Data extracted from a collection:

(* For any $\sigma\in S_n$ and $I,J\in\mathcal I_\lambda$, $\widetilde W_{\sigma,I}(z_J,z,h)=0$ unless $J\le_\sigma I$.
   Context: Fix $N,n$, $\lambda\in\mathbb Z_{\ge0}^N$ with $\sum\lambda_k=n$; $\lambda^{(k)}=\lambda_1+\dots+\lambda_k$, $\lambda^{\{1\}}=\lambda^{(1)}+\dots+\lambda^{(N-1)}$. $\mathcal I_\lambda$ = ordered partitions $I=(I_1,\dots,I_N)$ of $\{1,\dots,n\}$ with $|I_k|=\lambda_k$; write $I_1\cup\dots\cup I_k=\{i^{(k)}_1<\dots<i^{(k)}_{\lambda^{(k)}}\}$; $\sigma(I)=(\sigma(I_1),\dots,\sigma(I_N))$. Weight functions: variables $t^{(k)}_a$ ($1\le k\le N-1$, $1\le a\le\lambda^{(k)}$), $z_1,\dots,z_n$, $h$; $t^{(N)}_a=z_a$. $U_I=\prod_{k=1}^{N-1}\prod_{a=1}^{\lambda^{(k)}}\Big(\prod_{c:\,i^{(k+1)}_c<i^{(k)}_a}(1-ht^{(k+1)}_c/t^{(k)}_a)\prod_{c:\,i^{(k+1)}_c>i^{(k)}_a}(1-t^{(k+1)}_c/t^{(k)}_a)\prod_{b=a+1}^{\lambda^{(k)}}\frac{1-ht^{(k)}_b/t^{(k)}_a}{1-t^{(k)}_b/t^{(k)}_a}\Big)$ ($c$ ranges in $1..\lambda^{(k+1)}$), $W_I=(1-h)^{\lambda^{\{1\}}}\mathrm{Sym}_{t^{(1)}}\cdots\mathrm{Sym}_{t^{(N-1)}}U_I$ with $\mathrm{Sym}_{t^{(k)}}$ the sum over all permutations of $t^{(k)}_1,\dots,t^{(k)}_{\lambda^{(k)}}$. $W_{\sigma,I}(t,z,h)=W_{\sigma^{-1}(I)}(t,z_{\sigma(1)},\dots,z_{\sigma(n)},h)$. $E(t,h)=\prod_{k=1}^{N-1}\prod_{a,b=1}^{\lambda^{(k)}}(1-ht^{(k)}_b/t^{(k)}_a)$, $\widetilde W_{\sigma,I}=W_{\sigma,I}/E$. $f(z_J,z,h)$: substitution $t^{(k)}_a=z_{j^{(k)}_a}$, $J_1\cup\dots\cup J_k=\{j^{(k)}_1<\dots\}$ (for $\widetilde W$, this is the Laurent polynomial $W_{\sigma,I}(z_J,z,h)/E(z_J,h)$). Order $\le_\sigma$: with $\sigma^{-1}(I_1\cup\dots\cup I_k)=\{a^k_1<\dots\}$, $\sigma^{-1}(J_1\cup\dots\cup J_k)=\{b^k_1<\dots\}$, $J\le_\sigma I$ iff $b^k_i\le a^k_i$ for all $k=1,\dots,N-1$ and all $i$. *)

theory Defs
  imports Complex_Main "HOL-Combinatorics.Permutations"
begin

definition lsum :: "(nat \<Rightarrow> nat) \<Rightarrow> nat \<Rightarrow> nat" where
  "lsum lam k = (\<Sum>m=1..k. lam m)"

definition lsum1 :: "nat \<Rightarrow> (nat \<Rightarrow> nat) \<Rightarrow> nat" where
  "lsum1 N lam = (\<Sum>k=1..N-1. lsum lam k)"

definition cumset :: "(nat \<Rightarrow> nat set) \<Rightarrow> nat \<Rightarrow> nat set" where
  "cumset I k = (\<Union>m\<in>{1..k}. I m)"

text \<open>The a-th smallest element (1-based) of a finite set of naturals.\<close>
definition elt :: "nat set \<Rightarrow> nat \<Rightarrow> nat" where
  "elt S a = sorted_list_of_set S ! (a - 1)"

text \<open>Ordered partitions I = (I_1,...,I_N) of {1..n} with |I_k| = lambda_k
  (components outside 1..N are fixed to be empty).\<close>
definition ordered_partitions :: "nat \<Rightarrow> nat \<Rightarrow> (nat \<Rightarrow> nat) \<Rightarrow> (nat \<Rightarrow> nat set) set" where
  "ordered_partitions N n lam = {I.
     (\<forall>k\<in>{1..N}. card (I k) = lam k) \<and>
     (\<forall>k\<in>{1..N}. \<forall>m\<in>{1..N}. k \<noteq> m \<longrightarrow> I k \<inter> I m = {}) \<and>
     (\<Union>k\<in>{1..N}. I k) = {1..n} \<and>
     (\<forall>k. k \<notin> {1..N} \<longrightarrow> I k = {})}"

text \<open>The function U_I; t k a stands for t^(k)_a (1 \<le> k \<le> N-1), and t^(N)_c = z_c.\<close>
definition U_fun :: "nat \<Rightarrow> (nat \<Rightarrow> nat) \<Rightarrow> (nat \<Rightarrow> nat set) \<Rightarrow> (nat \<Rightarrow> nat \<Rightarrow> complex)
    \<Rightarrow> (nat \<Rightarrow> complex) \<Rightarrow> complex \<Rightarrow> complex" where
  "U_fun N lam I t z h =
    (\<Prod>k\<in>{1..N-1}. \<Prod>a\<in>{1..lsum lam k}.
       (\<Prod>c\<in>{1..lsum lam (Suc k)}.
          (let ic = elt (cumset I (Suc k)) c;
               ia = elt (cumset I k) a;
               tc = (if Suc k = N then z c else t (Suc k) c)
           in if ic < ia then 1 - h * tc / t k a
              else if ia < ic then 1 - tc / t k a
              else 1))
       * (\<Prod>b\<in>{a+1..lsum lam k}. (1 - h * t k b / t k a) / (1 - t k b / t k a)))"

### Aim of the exercise
The required output is the lines from the one holding "(let ic = elt (cumset I (Suc k)) c;" through the last line of the entries above, copied exactly.

### Exercise solution
          (let ic = elt (cumset I (Suc k)) c;
               ia = elt (cumset I k) a;
               tc = (if Suc k = N then z c else t (Suc k) c)
           in if ic < ia then 1 - h * tc / t k a
              else if ia < ic then 1 - tc / t k a
              else 1))
       * (\<Prod>b\<in>{a+1..lsum lam k}. (1 - h * t k b / t k a) / (1 - t k b / t k a)))"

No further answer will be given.